Archive for January 1987

Radio Days

January 30, 1987

Woody Allen narrates but does not appear in this gentle look back on what can only be called “the golden age of radio.” Anecdotal and frequently funny, it purports to revisit Allen’s childhood, though you know it’s more than a little idealized, and so is Allen’s version of himself as a kid, called “Joe” here and played by a very young and decidedly ungeeky Seth Green. Joe’s crazy, argumentative family is seen fondly — his dad (Michael Tucker) is an affable grouch, his mom (Julie Kavner) is, well, more or less Marge Simpson (Kavner did this movie not long before the Simpsons were created), his aunt (Dianne Wiest) is desperate to find a man, his uncle (Josh Mostel) keeps bringing home fish for his long-suffering wife to cook (“You don’t like it, take the gas pipe,” he says reflexively).

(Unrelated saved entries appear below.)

lemma collapse_eq_self [simp]: "k \<in> C \<Longrightarrow> collapse C k = k"
  by (simp add: collapse_def)

lemma Max_below_in:
  assumes "finite C" "c \<in> C" "c < k"
  shows "Max {c\<in>C. c < k} \<in> C" "Max {c\<in>C. c < k} < k" "c \<le> Max {c\<in>C. c < k}"
proof -
  have "Max {c\<in>C. c < k} \<in> {c\<in>C. c < k}" using assms by (intro Max_in) auto
  then show "Max {c\<in>C. c < k} \<in> C" "Max {c\<in>C. c < k} < k" by auto
  show "c \<le> Max {c\<in>C. c < k}" using assms by (intro Max_ge) auto
qed

lemma collapse_le: "finite C \<Longrightarrow> collapse C k \<le> k"
  using Max_below_in(2) by (auto simp: collapse_def Suc_le_eq)

lemma collapse_notin:
  assumes fin: "finite C" and k: "k \<notin> C"
  shows "collapse C k \<notin> C"
proof (cases "\<exists>c\<in>C. c < k")
  case True
  then obtain c where c: "c \<in> C" "c < k" by blast
  define M where "M = Max {c\<in>C. c < k}"
  have "Suc M \<notin> C"
  proof
    assume "Suc M \<in> C"
    moreover have "Suc M < k"
      using calculation k Max_below_in(2)[OF fin c] unfolding M_def
      by (metis Suc_leI le_neq_implies_less)
    ultimately show False using Max_below_in(3)[OF fin] unfolding M_def by fastforce
  qed
  then show ?thesis using True k by (simp add: collapse_def M_def)
next
  case False
  then have "0 \<notin> C" using k by (metis gr0I)
  then show ?thesis using False k by (simp add: collapse_def)
qed

lemma collapse_eq_iff:
  assumes "finite C" "c \<in> C"
  shows "collapse C k = c \<longleftrightarrow> k = c"
  using assms collapse_notin by (cases "k \<in> C") auto

lemma collapse_le_iff:
  assumes "finite C" "c \<in> C"
  shows "collapse C k \<le> c \<longleftrightarrow> k \<le> c"
proof
  assume le: "collapse C k \<le> c"
  show "k \<le> c"
  proof (rule ccontr)
    assume "\<not> k \<le> c"
    then have "c < k" "k \<notin> C" using le assms(2) by auto
    moreover have "\<exists>c\<in>C. c < k" using assms(2) calculation(1) by blast
    ultimately have "Suc (Max {c\<in>C. c < k}) \<le> c" using le by (simp add: collapse_def)
    then show False using Max_below_in(3)[OF assms \<open>c < k\<close>] by simp
  qed
qed (use collapse_le[OF assms(1), of k] in simp)

lemma collapse_in_augment:
  assumes "C \<subseteq> {..<m}" "k < m"
  shows "collapse C k \<in> augment m C"
proof -
  have fin: "finite C" using assms(1) finite_subset by blast
  show ?thesis
  proof (cases "k \<notin> C \<and> (\<exists>c\<in>C. c < k)")
    case True
    then obtain c where "c \<in> C" "c < k" by blast
    then have "Max {c\<in>C. c < k} \<in> C" "Max {c\<in>C. c < k} \<le> m - 2"
      using Max_below_in[OF fin] assms(2) by fastforce+
    then show ?thesis using True unfolding collapse_def augment_def by auto
  qed (auto simp: collapse_def augment_def)
qed

definition pushforward :: "nat \<Rightarrow> (nat \<Rightarrow> nat) \<Rightarrow> (nat \<Rightarrow> real) \<Rightarrow> nat \<Rightarrow> real" where
  "pushforward m g F i = sum F {k. k < m \<and> g k = i}"

lemma sum_pushforward:
  assumes "finite A"
  shows "sum (pushforward m g F) A = sum F {k. k < m \<and> g k \<in> A}"
proof -
  have "sum F {k. k < m \<and> g k \<in> A} =
        (\<Sum>i\<in>A. sum F {k \<in> {k. k < m \<and> g k \<in> A}. g k = i})"
    by (rule sum.group[symmetric]) (auto simp: assms)
  also have "\<dots> = sum (pushforward m g F) A"
    unfolding pushforward_def by (intro sum.cong refl arg_cong2[where f=sum]) auto
  finally show ?thesis by simp
qed

lemma pushforward_eq_0: "i \<notin> g ` {..<m} \<Longrightarrow> pushforward m g F i = 0"
  unfolding pushforward_def by (auto intro: sum.neutral)

lemma pushforward_in_distrs:
  assumes F: "F \<in> distrs m" and g: "\<And>k. k < m \<Longrightarrow> g k < m"
  shows "pushforward m g F \<in> distrs m"
proof -
  have "0 \<le> pushforward m g F i" for i
    using F unfolding pushforward_def distrs_def by (auto intro: sum_nonneg)
  moreover have "pushforward m g F i = 0" if "m \<le> i" for i
    using that g by (intro pushforward_eq_0) fastforce
  moreover have "{k. k < m \<and> g k \<in> {..<m}} = {..<m}" using g by auto
  then have "(\<Sum>i<m. pushforward m g F i) = 1"
    using F by (simp add: sum_pushforward distrs_def)
  ultimately show ?thesis by (simp add: distrs_def)
qed

lemma mean_pushforward:
  assumes "\<And>k. k < m \<Longrightarrow> g k < m"
  shows "mean Smin Smax m (pushforward m g F) = (\<Sum>k<m. F k * Sval Smin Smax m (g k))"
proof -
  have "mean Smin Smax m (pushforward m g F)
        = (\<Sum>i<m. \<Sum>k\<in>{k \<in> {..<m}. g k = i}. F k * Sval Smin Smax m (g k))"
    unfolding mean_def pushforward_def sum_distrib_right
    by (intro sum.cong refl) (auto intro: sum.cong)
  also have "\<dots> = (\<Sum>k<m. F k * Sval Smin Smax m (g k))"
    using assms by (intro sum.group) auto
  finally show ?thesis .
qed

lemma Sval_mono:
  assumes "m \<ge> 1" "Smin \<le> Smax" "j \<le> k"
  shows "Sval Smin Smax m j \<le> Sval Smin Smax m k"
  using assms unfolding Sval_def by (intro add_left_mono divide_right_mono mult_right_mono) auto

lemma mean_pushforward_le:
  assumes "m \<ge> 1" "Smin \<le> Smax" "F \<in> distrs m" "\<And>k. g k \<le> k"
  shows "mean Smin Smax m (pushforward m g F) \<le> mean Smin Smax m F"
proof -
  have "mean Smin Smax m (pushforward m g F) = (\<Sum>k<m. F k * Sval Smin Smax m (g k))"
    using assms(4) by (intro mean_pushforward) (meson le_less_trans)
  also have "\<dots> \<le> mean Smin Smax m F"
    unfolding mean_def using assms
    by (intro sum_mono mult_left_mono Sval_mono) (auto simp: distrs_def)
  finally show ?thesis .
qed

lemma collapse_in_distrs_on:
  assumes "C \<subseteq> {..<m}" "F \<in> distrs m"
  shows "pushforward m (collapse C) F \<in> distrs_on m (augment m C)"
proof -
  have fin: "finite C" using assms(1) finite_subset by blast
  have "pushforward m (collapse C) F \<in> distrs m"
    using assms(2) collapse_le[OF fin] by (intro pushforward_in_distrs) (auto intro: le_less_trans)
  moreover have "pushforward m (collapse C) F k = 0" if "k \<notin> augment m C" for k
    using that collapse_in_augment[OF assms(1)] by (intro pushforward_eq_0) auto
  ultimately show ?thesis by (simp add: distrs_on_def)
qed
theorem theorem3p1:
  fixes W A :: "real^'n^'n" and k :: nat and c \<beta> \<gamma>1 \<gamma>2 \<gamma>3 :: real
    and eps :: "real^'n" and X :: "'n set"
  assumes graph: "weighted_graph W"
    and k: "1 \<le> k" "k \<le> CARD('n)"
    and A: "A = A_D W \<or> A = A_P W"
    and c: "0 \<le> c" "c < 1"
    and eps: "\<forall>u. - c \<le> eps $ u \<and> eps $ u \<le> 1 - c"
    and \<gamma>: "0 < \<gamma>1" "\<gamma>1 < 1" "0 < \<gamma>2" "\<gamma>2 < 1" "0 < \<gamma>3" "\<gamma>3 < 1"
    and h1: "\<forall>Y. card Y = k \<longrightarrow>
       (set_to_one (c *\<^sub>R vec 1 + eps) Y - (c *\<^sub>R vec 1 + eps)) \<bullet> (A *v (c *\<^sub>R vec 1 + eps))
         \<ge> - \<gamma>1 * quad A (c *\<^sub>R vec 1 + eps)"
    and h2: "\<forall>Y. card Y = k \<longrightarrow> quad A (restr eps Y) \<le> \<gamma>2 * quad A (c *\<^sub>R vec 1 + eps)"
    and h3: "\<forall>Y. card Y = k \<longrightarrow>
       \<bar>restr eps Y \<bullet> (A *v restr (vec 1) Y)\<bar> \<le> \<gamma>3 * quad A (c *\<^sub>R vec 1 + eps)"
    and \<beta>: "0 < \<beta>" "\<beta> \<le> 1"
    and X: "beta_approx_L A k \<beta> X"
  shows "(\<forall>u. set_to_one (c *\<^sub>R vec 1 + eps) X $ u = (c *\<^sub>R vec 1 + eps) $ u
                \<or> set_to_one (c *\<^sub>R vec 1 + eps) X $ u = 1)
         \<and> card {u. set_to_one (c *\<^sub>R vec 1 + eps) X $ u \<noteq> (c *\<^sub>R vec 1 + eps) $ u} \<le> k
         \<and> (\<forall>s. feasible_F (c *\<^sub>R vec 1 + eps) k s \<longrightarrow>
              quad A (set_to_one (c *\<^sub>R vec 1 + eps) X)
                \<ge> (1/4) * min \<beta> ((1 - 2*\<gamma>1 - 2*(1-c)*\<gamma>3) / (1 + 2*(1-c)*\<gamma>3 + \<gamma>2)) * quad A s)"
proof -
  define s0 where "s0 = c *\<^sub>R vec 1 + eps"
  note h = h1[folded s0_def] h2[folded s0_def] h3[folded s0_def]
  have psd: "pos_semidef A" using graph A by (rule opinion_matrix_pos_semidef)
  have card_X: "card X = k" using X by (simp add: beta_approx_L_def)
  have ratio: "min \<beta> ((1 - 2*\<gamma>1 - 2*(1-c)*\<gamma>3) / (1 + 2*(1-c)*\<gamma>3 + \<gamma>2)) * quad A s
      \<le> 2 * quad A (set_to_one s0 X)" if "feasible_F s0 k s" for s
  proof -
    define Y where "Y = {u. s $ u \<noteq> s0 $ u}"
    have card_Y: "card Y = k" and s: "s = set_to_one s0 Y"
      using that feasible_F_eq_set_to_one by (auto simp: feasible_F_def Y_def)
    have "\<beta> * quad A (restr (vec 1) Y) \<le> quad A (restr (vec 1) X)"
      using X feasible_L_indicator[of Y] by (simp add: beta_approx_L_def card_Y)
    then show ?thesis
      unfolding s using quad_set_to_one_ratio[OF s0_def psd] c \<gamma> h card_X card_Y by simp
  qed
  show ?thesis
    unfolding s0_def[symmetric]
  proof (intro conjI allI impI)
    show "set_to_one s0 X $ u = s0 $ u \<or> set_to_one s0 X $ u = 1" for u
      by (simp add: set_to_one_def)
    show "card {u. set_to_one s0 X $ u \<noteq> s0 $ u} \<le> k"
      using card_set_to_one_changed_le[of X s0] card_X by simp
    show "quad A (set_to_one s0 X) \<ge> 1/4 * min \<beta> ((1 - 2*\<gamma>1 - 2*(1-c)*\<gamma>3) / (1 + 2*(1-c)*\<gamma>3 + \<gamma>2)) * quad A s"
      if "feasible_F s0 k s" for s
      using ratio[OF that] pos_semidef_quad_nonneg[OF psd, of "set_to_one s0 X"]
      unfolding mult.assoc by argo
  qed
qed

end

When we’re not watching Joe and his family, we meet various (fictional) radio stars of the day — including Sally White (Mia Farrow), a cigarette girl who rises to become one of radio’s swanky voices speaking of ritzy clubs and parties. Allen doesn’t stress the idea that these top-of-the-world radio celebrities would soon largely be supplanted by TV stars (those who didn’t make the successful transition to the more visual medium, that is). We can fill in the theme for ourselves: that innocence died along with radio, that when families started crowding around the boob tube — instead of having the radio on while still talking to each other and doing other things — it was a twin blow to culture and family. Allen also contrasts the envious listeners, who wish they too could go to the clubs they hear about on the radio, with the radio stars themselves, who despite their fame and fortune don’t seem particularly happy — perhaps because they know what few other entertainers had learned so quickly until then: it doesn’t last. (Radio stars were perhaps the first mass-medium kings and queens to face obsolescence after so brief a time in the limelight.) This is a group portrait if it’s anything — not even Joe really takes center stage; the real protagonist is the period itself, the war era, the jittery yet still hopeful and vibrant moment before the twin reality slaps of Hiroshima and the discovery of the concentration camps. I guarantee you won’t think of any of this while watching the movie, though; it plays as a perfectly amiable nostalgic pastiche, and only afterward do you flesh it out. I think Allen misses a good joke by not having Joe meet his radio hero, the Masked Avenger, only to find that the voice belongs to Wallace Shawn.